## Task prompt
Which lines of the data contain the string "notin"? Show each of them.
== Supplied data ==
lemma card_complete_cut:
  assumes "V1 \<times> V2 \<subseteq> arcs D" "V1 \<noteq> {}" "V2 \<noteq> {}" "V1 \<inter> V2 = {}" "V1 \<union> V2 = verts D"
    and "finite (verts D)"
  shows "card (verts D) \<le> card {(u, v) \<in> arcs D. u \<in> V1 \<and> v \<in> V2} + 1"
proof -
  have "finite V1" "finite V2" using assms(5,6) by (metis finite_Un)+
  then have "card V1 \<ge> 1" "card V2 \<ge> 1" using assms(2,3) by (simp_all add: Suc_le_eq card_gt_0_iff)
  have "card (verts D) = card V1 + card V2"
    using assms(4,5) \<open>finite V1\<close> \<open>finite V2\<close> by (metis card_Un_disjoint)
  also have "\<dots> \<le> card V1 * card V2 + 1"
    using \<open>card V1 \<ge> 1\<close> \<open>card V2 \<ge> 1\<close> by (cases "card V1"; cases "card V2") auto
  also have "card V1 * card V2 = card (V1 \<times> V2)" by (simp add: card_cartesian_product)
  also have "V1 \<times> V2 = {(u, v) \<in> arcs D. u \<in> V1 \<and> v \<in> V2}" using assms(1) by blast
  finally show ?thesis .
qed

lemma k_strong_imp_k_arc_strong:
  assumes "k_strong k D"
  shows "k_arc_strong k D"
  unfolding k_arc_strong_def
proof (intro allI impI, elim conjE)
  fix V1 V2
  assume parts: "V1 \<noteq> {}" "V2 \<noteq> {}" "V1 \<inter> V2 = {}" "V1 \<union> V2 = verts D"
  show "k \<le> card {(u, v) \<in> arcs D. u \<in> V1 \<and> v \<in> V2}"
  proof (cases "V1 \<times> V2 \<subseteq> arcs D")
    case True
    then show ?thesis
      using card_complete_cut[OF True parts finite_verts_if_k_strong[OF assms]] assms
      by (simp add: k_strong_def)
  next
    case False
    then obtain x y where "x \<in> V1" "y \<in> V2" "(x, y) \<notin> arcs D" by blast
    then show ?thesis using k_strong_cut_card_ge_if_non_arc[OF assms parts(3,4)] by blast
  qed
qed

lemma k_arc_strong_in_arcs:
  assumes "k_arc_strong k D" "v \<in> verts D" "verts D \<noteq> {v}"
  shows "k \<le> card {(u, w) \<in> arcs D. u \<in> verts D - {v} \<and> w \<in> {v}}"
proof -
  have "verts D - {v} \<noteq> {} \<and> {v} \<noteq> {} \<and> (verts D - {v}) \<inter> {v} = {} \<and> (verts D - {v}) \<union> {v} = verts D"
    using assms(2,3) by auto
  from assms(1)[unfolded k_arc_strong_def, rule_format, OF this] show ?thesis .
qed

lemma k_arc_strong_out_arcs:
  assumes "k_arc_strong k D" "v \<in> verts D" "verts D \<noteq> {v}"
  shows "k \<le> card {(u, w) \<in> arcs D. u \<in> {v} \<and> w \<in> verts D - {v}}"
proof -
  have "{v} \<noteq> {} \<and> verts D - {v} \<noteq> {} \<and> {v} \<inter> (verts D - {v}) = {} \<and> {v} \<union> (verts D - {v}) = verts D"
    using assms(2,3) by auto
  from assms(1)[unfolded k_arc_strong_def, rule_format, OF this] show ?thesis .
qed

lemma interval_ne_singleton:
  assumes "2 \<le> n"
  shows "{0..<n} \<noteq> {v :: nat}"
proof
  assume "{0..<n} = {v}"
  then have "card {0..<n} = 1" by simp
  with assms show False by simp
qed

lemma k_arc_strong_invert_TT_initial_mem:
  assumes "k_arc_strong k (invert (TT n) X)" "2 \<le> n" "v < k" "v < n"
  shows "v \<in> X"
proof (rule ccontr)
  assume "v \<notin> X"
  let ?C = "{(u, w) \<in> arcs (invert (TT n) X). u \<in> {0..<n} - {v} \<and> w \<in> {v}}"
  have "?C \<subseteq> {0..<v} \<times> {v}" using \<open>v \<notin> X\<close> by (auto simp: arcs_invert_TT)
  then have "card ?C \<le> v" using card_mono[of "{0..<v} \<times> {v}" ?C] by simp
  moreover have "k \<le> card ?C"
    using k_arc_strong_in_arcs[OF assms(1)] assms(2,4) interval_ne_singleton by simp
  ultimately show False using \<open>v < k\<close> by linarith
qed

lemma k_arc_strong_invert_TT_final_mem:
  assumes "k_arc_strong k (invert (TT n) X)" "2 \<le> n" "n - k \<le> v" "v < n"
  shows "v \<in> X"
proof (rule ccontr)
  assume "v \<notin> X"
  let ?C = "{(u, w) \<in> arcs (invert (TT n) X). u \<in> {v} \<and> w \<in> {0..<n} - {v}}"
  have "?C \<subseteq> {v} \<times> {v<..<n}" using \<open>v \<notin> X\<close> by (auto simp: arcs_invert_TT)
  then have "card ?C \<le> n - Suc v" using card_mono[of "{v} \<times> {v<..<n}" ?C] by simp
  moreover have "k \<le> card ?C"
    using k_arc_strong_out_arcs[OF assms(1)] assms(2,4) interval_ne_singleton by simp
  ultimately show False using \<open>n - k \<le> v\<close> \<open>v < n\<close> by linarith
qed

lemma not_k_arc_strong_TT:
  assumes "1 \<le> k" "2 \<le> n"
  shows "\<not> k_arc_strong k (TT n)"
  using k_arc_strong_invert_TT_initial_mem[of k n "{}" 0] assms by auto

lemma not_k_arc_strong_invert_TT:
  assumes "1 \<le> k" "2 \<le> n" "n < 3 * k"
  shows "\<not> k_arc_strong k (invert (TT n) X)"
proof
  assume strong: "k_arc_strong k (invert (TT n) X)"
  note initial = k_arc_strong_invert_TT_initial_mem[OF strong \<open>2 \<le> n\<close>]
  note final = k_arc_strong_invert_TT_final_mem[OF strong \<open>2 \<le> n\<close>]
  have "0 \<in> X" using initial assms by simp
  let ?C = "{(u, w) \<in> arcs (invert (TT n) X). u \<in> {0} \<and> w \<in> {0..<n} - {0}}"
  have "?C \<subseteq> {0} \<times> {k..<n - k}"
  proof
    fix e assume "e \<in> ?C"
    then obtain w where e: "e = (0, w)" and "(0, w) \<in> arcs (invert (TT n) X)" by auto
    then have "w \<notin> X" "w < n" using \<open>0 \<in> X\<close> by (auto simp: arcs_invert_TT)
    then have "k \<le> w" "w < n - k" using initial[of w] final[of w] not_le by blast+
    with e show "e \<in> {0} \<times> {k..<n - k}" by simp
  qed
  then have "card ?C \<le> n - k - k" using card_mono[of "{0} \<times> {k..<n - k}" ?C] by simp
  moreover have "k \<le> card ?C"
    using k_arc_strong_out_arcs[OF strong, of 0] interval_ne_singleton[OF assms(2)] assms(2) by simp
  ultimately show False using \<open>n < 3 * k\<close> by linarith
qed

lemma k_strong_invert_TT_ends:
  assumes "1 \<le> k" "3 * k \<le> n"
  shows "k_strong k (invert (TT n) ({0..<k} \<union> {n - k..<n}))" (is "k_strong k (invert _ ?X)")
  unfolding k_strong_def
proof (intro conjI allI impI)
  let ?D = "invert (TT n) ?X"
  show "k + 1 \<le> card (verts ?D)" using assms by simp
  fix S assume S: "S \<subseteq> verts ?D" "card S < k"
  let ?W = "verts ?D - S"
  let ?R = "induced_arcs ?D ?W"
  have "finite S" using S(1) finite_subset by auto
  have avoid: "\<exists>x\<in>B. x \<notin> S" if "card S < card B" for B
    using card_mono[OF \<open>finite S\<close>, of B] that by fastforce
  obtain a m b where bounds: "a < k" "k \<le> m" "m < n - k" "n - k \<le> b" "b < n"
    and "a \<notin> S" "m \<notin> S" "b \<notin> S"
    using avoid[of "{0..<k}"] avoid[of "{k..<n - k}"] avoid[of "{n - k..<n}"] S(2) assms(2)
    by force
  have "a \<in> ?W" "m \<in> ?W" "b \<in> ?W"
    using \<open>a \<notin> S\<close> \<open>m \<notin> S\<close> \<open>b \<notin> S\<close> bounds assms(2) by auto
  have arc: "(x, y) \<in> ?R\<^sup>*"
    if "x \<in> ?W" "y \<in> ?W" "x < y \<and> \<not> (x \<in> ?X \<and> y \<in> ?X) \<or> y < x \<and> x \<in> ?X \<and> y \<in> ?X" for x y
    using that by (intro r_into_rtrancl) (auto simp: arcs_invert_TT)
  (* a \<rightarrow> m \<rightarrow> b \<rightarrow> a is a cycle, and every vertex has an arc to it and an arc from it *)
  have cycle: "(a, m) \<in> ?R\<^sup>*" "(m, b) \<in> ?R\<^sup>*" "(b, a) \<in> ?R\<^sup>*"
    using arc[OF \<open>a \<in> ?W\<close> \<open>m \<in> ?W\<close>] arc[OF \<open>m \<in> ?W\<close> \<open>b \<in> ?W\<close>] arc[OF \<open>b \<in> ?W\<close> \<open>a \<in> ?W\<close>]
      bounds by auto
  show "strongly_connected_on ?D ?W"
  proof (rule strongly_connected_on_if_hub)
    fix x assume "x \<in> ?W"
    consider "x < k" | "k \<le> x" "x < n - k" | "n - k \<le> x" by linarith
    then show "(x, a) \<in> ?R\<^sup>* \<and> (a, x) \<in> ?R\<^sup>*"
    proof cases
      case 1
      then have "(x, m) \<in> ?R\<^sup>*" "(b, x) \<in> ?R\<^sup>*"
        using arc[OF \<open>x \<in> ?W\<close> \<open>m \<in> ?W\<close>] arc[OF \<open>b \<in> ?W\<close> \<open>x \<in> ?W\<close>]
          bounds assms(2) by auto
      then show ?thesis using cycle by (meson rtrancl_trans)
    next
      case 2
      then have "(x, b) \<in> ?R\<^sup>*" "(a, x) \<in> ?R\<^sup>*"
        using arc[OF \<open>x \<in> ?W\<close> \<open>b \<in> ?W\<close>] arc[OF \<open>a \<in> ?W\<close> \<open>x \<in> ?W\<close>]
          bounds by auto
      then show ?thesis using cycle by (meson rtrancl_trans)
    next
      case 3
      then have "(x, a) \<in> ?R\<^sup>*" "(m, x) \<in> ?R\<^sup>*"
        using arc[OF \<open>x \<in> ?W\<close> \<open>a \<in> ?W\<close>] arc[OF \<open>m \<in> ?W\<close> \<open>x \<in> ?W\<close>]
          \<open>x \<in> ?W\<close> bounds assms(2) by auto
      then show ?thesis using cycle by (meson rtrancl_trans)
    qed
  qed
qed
===
## Answer below
    then obtain x y where "x \<in> V1" "y \<in> V2" "(x, y) \<notin> arcs D" by blast
  assume "v \<notin> X"
  have "?C \<subseteq> {0..<v} \<times> {v}" using \<open>v \<notin> X\<close> by (auto simp: arcs_invert_TT)
  assume "v \<notin> X"
  have "?C \<subseteq> {v} \<times> {v<..<n}" using \<open>v \<notin> X\<close> by (auto simp: arcs_invert_TT)
    then have "w \<notin> X" "w < n" using \<open>0 \<in> X\<close> by (auto simp: arcs_invert_TT)
  have avoid: "\<exists>x\<in>B. x \<notin> S" if "card S < card B" for B
    and "a \<notin> S" "m \<notin> S" "b \<notin> S"
    using \<open>a \<notin> S\<close> \<open>m \<notin> S\<close> \<open>b \<notin> S\<close> bounds assms(2) by auto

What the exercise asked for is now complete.